Modulating NF-κB, MAPK, and PI3K/AKT signaling by ergothioneine attenuates iron overload-induced hepatocellular injury in rats.

机构信息

Division of Biochemistry, Department of Pharmacology, College of Pharmacy, Taif University, Taif, Saudi Arabia.

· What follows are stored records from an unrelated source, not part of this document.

lemma stays_in_interval_of_linear_speed_bound:
  fixes z g :: "real \<Rightarrow> real"
  assumes "0 \<le> T" and z: "continuous_on {0..T} z"
    and g: "\<And>t. t \<in> {0..T} \<Longrightarrow> (g has_integral (z 0 - z t)) {0..t}"
    and speed: "\<And>t. t \<in> {0..T} \<Longrightarrow> \<bar>g t\<bar> \<le> K * max 0 (min (z t - lo) (hi - z t))"
    and "lo < z 0" "z 0 < hi"
  shows "lo < z T \<and> z T < hi"
proof (rule ccontr)
  assume "\<not> (lo < z T \<and> z T < hi)"
  then obtain t1 where t1: "0 < t1" "t1 \<le> T" "z t1 \<notin> {lo<..<hi}"
    and before: "\<And>t. 0 \<le> t \<Longrightarrow> t < t1 \<Longrightarrow> z t \<in> {lo<..<hi}"
    using first_exit_time[OF z open_greaterThanLessThan _ \<open>0 \<le> T\<close>] \<open>lo < z 0\<close> \<open>z 0 < hi\<close>
    by (metis greaterThanLessThan_iff)
  have "lo < z t1 \<and> z t1 < hi"
  proof (rule inside_at_first_exit_of_linear_speed_bound[OF \<open>0 < t1\<close>, where g = g and K = K])
    show "continuous_on {0..t1} z"
      using continuous_on_subset[OF z] t1(2) by auto
  qed (use before g speed t1(2) in auto)
  with t1(3) show False
    by simp
qed

theorem lemma2p22:
  fixes a b :: real and h k :: nat and v w :: "nat \<Rightarrow> real"
    and f p :: "real \<Rightarrow> real" and \<Theta> :: "real \<Rightarrow> nat \<Rightarrow> real"
  assumes "a < b"
    and "\<forall>i\<in>{1..h}. v i > 0 \<and> w i > 0"
    and "continuous_on UNIV f" and "continuous_on UNIV p"
    and "\<forall>x. p x \<ge> 0" and "{x. p x > 0} = {a<..<b}"
    and "\<forall>i\<in>{1..h+1}. continuous_on {0..} (\<lambda>t. \<Theta> t i)"
    and "\<forall>t\<ge>0. \<forall>i\<in>{1..h+1}.
           ((\<lambda>s. grad (risk a b h v w f p) (\<Theta> s) i) has_integral (\<Theta> 0 i - \<Theta> t i)) {0..t}"
    and "k \<in> {1..h}"
    and "Iset a b w (\<Theta> 0) k \<noteq> {}"
  shows "\<forall>t\<ge>0. Iset a b w (\<Theta> t) k \<noteq> {}"
proof (intro allI impI)
  fix T :: real
  assume "0 \<le> T"
  have k: "k \<in> {1..h}" and w: "0 < w k" and "a \<le> b"
    using assms(1,2,9) by auto
  have f: "continuous_on {a..b} f" and p: "continuous_on {a..b} p"
    using assms(3,4) by (auto intro: continuous_on_subset)
  have \<Theta>_cont: "continuous_on {0..T} (\<lambda>t. \<Theta> t i)" if "i \<in> {1..h+1}" for i
    by (rule continuous_on_subset[of "{0..}"]) (use assms(7) that in auto)
  then have "continuous_on {0..T} (\<lambda>t. \<Theta> t (h + 1))"
    by simp
  then obtain M where M: "\<And>t x. t \<in> {0..T} \<Longrightarrow> x \<in> {a..b} \<Longrightarrow> \<bar>(realiz h v w (\<Theta> t) x - f x) * p x\<bar> \<le> M"
    using weighted_residual_bounded[OF _ f p, where v = v and w = w] by blast
  have "- w k * b < \<Theta> T k \<and> \<Theta> T k < 1 - w k * a"
  proof (rule stays_in_interval_of_linear_speed_bound[OF \<open>0 \<le> T\<close>,
        where g = "\<lambda>t. grad (risk a b h v w f p) (\<Theta> t) k" and K = "2 * \<bar>v k\<bar> * M / w k"])
    show "continuous_on {0..T} (\<lambda>t. \<Theta> t k)"
      using \<Theta>_cont k by simp
    show "((\<lambda>s. grad (risk a b h v w f p) (\<Theta> s) k) has_integral (\<Theta> 0 k - \<Theta> t k)) {0..t}"
      if "t \<in> {0..T}" for t
      using assms(8) k that by auto
    show "\<bar>grad (risk a b h v w f p) (\<Theta> t) k\<bar>
            \<le> 2 * \<bar>v k\<bar> * M / w k * max 0 (min (\<Theta> t k - - w k * b) (1 - w k * a - \<Theta> t k))"
      if "t \<in> {0..T}" for t
      using abs_grad_risk_hidden_le[where w = w and k = k, OF k w \<open>a \<le> b\<close> f p M[OF that]] by simp
    show "- w k * b < \<Theta> 0 k" "\<Theta> 0 k < 1 - w k * a"
      using assms(10) Iset_nonempty_iff[where w = w and k = k, OF assms(1) w] by auto
  qed
  then show "Iset a b w (\<Theta> T) k \<noteq> {}"
    using Iset_nonempty_iff[where w = w and k = k, OF assms(1) w] by simp
qed

end
(* Let $\mathsf{T}$ be a rooted plane tree and $\delta\in\mathcal{O}(\mathsf{T})$. For all $v\in\mathsf{T}$, we have $\mathsf{Pop}(\delta)(v)\subseteq\delta(v)$. Moreover, for each child $u$ of $v$ with $u\in\delta(v)$, we have $|\Delta_{\mathsf{Pop}(\delta)(v)}(u)|\leq|\Delta_{\delta(v)}(u)|-1$.
   Context: A rooted plane tree $\mathsf{T}$ is a finite tree with a distinguished root, regarded as a poset $\leq_\mathsf{T}$ in which $v'\leq_\mathsf{T} v$ iff $v$ lies on the path from $v'$ to the root; the children of $v$ are the nodes covered by $v$. An ornament is a nonempty set of nodes inducing a connected subgraph. For a set $S$ of nodes and a node $u$, $\Delta_S(u)=\{w\in S:w\leq_\mathsf{T} u\}$ (empty if no such $w$). An ornamentation is a map $\delta$ from $\mathsf{T}$ to ornaments such that the unique maximal element of $\delta(v)$ is $v$ and any two sets $\delta(v),\delta(v')$ are nested or disjoint. $\mathcal{O}(\mathsf{T})$ is the set of ornamentations ordered by $\delta\leq\delta'$ iff $\delta(v)\subseteq\delta'(v)$ for all $v$; it is a lattice with meet given by pointwise intersection. $\mathsf{Pop}(\delta)=\bigwedge(\{\delta\}\cup\{\delta':\delta'\lessdot\delta\})$, where $\lessdot$ is the cover relation. *)

theory Defs
  imports Main
begin

text \<open>A rooted tree on the finite node set V with root r is given by a parent map
  par (with the convention par r = r); every node reaches the root by iterating par.\<close>

definition rooted_tree :: "'a set \<Rightarrow> 'a \<Rightarrow> ('a \<Rightarrow> 'a) \<Rightarrow> bool" where
  "rooted_tree V r par \<longleftrightarrow> finite V \<and> r \<in> V \<and> par r = r \<and>
     (\<forall>v\<in>V. par v \<in> V) \<and> (\<forall>v\<in>V. \<exists>k. (par ^^ k) v = r)"

definition tree_le :: "('a \<Rightarrow> 'a) \<Rightarrow> 'a \<Rightarrow> 'a \<Rightarrow> bool" where
  "tree_le par v' v \<longleftrightarrow> (\<exists>k. (par ^^ k) v' = v)"

definition is_child :: "'a set \<Rightarrow> 'a \<Rightarrow> ('a \<Rightarrow> 'a) \<Rightarrow> 'a \<Rightarrow> 'a \<Rightarrow> bool" where
  "is_child V r par u v \<longleftrightarrow> u \<in> V \<and> u \<noteq> r \<and> par u = v"

definition adj_in :: "'a set \<Rightarrow> 'a \<Rightarrow> ('a \<Rightarrow> 'a) \<Rightarrow> 'a set \<Rightarrow> 'a \<Rightarrow> 'a \<Rightarrow> bool" where
  "adj_in V r par S x y \<longleftrightarrow> x \<in> S \<and> y \<in> S \<and> (is_child V r par x y \<or> is_child V r par y x)"

definition ornament :: "'a set \<Rightarrow> 'a \<Rightarrow> ('a \<Rightarrow> 'a) \<Rightarrow> 'a set \<Rightarrow> bool" where
  "ornament V r par S \<longleftrightarrow> S \<noteq> {} \<and> S \<subseteq> V \<and>
     (\<forall>x\<in>S. \<forall>y\<in>S. (adj_in V r par S)\<^sup>*\<^sup>* x y)"

definition Delta :: "('a \<Rightarrow> 'a) \<Rightarrow> 'a set \<Rightarrow> 'a \<Rightarrow> 'a set" where
  "Delta par S u = {w \<in> S. tree_le par w u}"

Department of Biochemistry, Faculty of Pharmacy, Al-Azhar University, Cairo, Egypt.

出版信息

J Biochem Mol Toxicol. 2021 May;35(5):e22729. doi: 10.1002/jbt.22729. Epub 2021 Feb 13.

DOI:10.1002/jbt.22729
PMID:33580994
Abstract

The liver is highly susceptible to iron overload-evoked oxidative injury. Ergothioneine is a thio-histidine amino acid that has exhibited strong antioxidant and metal chelating activities. This study aimed at exploring the potential modulating effects of ergothioneine on iron-triggered liver injury. The results showed that ergothioneine inhibited iron-evoked inflammation and apoptosis as demonstrated by a significant reduction in tumor necrosis factor-α and interleukin-6 levels and in caspase-3 activity. Ergothioneine significantly improved liver cell survival as indicated by modulating phosphatidylinositol 3-kinase/protein kinase B signaling. Consistent with reduced necrotic cell death, ergothioneine diminished the iron-evoked histopathological changes and decreased serum activity of the liver enzymes. Mechanistically, ergothioneine reduced nuclear translocation of nuclear factor kappa B p65 and modulated p38 mitogen-activated protein kinase/c-Fos signaling. In addition, it enhanced the liver tissue antioxidant potential and curbed hepatic iron load. Together, these results point out the modulatory effects of ergothioneine on iron-evoked liver cell injury that are possibly mediated via anti-inflammatory, antioxidant, and possible iron chelation capabilities.

摘要

肝脏极易受到铁过载引起的氧化损伤。麦硫因是一种含硫的组氨酸氨基酸,具有很强的抗氧化和金属螯合活性。本研究旨在探讨麦硫因对铁触发的肝损伤的潜在调节作用。结果表明,麦硫因抑制了铁引起的炎症和细胞凋亡,肿瘤坏死因子-α和白细胞介素-6 水平以及半胱天冬酶-3 活性显著降低。麦硫因通过调节磷脂酰肌醇 3-激酶/蛋白激酶 B 信号转导显著改善了肝细胞的存活。与坏死细胞死亡减少一致,麦硫因减轻了铁引起的组织病理学变化,并降低了血清中肝脏酶的活性。其机制为,麦硫因减少了核因子 kappa B p65 的核转位,并调节了 p38 丝裂原活化蛋白激酶/c-Fos 信号转导。此外,它增强了肝脏组织的抗氧化能力,并抑制了肝铁负荷。总之,这些结果表明,麦硫因对铁诱导的肝细胞损伤具有调节作用,其机制可能是通过抗炎、抗氧化和可能的铁螯合能力介导的。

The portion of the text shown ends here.